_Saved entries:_
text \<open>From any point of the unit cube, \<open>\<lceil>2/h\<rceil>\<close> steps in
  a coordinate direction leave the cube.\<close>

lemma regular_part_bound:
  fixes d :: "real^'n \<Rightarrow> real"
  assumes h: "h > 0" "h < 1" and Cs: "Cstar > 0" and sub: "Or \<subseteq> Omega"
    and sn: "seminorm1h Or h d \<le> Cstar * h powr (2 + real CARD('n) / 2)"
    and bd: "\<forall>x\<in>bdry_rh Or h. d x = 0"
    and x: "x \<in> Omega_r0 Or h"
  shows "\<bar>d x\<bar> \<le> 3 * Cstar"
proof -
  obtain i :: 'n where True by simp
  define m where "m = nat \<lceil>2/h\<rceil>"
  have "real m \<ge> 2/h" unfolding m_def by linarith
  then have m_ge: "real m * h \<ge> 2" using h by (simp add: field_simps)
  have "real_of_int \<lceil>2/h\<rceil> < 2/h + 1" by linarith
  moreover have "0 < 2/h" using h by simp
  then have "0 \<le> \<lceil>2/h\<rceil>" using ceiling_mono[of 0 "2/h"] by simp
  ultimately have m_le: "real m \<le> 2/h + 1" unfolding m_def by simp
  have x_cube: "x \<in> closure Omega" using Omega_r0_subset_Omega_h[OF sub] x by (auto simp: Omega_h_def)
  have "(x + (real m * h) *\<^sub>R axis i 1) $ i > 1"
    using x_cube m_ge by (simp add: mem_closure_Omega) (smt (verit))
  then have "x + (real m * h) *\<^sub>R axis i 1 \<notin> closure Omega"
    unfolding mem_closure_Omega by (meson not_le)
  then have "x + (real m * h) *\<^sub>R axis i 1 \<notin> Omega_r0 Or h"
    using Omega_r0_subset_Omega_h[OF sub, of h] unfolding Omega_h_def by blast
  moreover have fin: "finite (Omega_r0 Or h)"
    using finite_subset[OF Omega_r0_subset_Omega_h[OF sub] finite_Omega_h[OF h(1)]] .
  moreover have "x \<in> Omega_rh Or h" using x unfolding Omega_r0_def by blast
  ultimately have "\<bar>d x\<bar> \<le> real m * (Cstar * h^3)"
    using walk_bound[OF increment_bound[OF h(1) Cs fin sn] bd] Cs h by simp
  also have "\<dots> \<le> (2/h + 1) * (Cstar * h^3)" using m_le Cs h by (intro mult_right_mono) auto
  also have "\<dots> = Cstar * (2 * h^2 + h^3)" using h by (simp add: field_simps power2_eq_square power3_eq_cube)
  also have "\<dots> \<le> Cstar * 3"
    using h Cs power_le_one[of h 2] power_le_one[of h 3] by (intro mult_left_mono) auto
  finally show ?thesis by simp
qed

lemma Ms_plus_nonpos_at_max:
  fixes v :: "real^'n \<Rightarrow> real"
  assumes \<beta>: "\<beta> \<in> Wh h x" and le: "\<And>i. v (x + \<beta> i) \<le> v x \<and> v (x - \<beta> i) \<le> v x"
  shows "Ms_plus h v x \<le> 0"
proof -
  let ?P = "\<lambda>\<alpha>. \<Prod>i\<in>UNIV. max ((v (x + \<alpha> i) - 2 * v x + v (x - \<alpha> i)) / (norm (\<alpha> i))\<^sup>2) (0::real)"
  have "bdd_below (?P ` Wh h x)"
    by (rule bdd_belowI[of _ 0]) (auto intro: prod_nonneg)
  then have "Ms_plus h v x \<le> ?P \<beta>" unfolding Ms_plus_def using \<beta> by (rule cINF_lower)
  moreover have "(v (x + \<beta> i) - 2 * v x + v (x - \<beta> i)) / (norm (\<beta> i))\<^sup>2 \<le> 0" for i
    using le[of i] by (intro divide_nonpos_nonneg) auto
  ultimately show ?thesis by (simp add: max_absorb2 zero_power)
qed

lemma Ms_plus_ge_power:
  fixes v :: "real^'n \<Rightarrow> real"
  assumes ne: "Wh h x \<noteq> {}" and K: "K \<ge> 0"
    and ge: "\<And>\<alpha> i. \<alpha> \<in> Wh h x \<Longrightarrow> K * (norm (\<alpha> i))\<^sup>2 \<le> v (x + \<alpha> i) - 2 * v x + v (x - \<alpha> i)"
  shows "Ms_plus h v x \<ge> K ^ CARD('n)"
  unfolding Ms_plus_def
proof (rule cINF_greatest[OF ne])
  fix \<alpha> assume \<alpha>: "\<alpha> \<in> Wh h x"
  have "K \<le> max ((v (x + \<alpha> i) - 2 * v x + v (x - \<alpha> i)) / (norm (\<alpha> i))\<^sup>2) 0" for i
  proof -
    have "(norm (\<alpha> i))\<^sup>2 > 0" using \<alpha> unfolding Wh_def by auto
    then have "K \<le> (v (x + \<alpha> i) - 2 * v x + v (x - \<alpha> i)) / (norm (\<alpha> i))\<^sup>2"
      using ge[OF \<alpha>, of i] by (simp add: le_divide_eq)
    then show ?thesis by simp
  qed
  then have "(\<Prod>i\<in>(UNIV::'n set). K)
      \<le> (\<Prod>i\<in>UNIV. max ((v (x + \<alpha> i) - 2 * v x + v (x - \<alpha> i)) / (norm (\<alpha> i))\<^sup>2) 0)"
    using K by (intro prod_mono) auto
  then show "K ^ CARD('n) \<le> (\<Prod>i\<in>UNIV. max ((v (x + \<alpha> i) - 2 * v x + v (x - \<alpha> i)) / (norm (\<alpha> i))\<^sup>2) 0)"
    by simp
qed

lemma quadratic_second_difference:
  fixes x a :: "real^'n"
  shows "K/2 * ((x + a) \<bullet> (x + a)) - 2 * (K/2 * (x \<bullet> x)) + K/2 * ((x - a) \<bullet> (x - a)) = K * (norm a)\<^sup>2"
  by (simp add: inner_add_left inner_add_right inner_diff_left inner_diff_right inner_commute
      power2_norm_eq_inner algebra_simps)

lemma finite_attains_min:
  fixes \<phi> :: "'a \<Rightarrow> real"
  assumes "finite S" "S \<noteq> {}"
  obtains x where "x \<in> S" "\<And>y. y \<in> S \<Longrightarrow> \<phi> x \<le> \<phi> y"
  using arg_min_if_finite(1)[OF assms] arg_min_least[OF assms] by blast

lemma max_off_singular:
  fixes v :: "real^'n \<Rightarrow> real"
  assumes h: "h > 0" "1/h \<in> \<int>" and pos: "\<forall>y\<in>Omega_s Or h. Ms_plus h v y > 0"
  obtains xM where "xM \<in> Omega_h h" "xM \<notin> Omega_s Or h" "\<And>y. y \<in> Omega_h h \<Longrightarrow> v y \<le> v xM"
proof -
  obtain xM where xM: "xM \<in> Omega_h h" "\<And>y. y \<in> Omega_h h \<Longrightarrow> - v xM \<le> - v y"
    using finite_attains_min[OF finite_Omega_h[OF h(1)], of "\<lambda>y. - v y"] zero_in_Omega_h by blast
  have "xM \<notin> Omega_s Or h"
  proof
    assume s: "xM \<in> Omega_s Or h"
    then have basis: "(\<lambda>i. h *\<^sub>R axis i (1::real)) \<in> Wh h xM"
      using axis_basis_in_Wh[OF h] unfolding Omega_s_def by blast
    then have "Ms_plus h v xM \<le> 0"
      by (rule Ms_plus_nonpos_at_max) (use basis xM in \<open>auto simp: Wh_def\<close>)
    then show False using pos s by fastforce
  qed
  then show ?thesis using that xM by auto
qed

_Work instruction:_ Reproduce exactly the entries above, limited to the lines from the one with "using le[of i]" through the one with "proof (rule cINF_greatest[OF ne])", both included.

_Exercise answer:_
    using le[of i] by (intro divide_nonpos_nonneg) auto
  ultimately show ?thesis by (simp add: max_absorb2 zero_power)
qed

lemma Ms_plus_ge_power:
  fixes v :: "real^'n \<Rightarrow> real"
  assumes ne: "Wh h x \<noteq> {}" and K: "K \<ge> 0"
    and ge: "\<And>\<alpha> i. \<alpha> \<in> Wh h x \<Longrightarrow> K * (norm (\<alpha> i))\<^sup>2 \<le> v (x + \<alpha> i) - 2 * v x + v (x - \<alpha> i)"
  shows "Ms_plus h v x \<ge> K ^ CARD('n)"
  unfolding Ms_plus_def
proof (rule cINF_greatest[OF ne])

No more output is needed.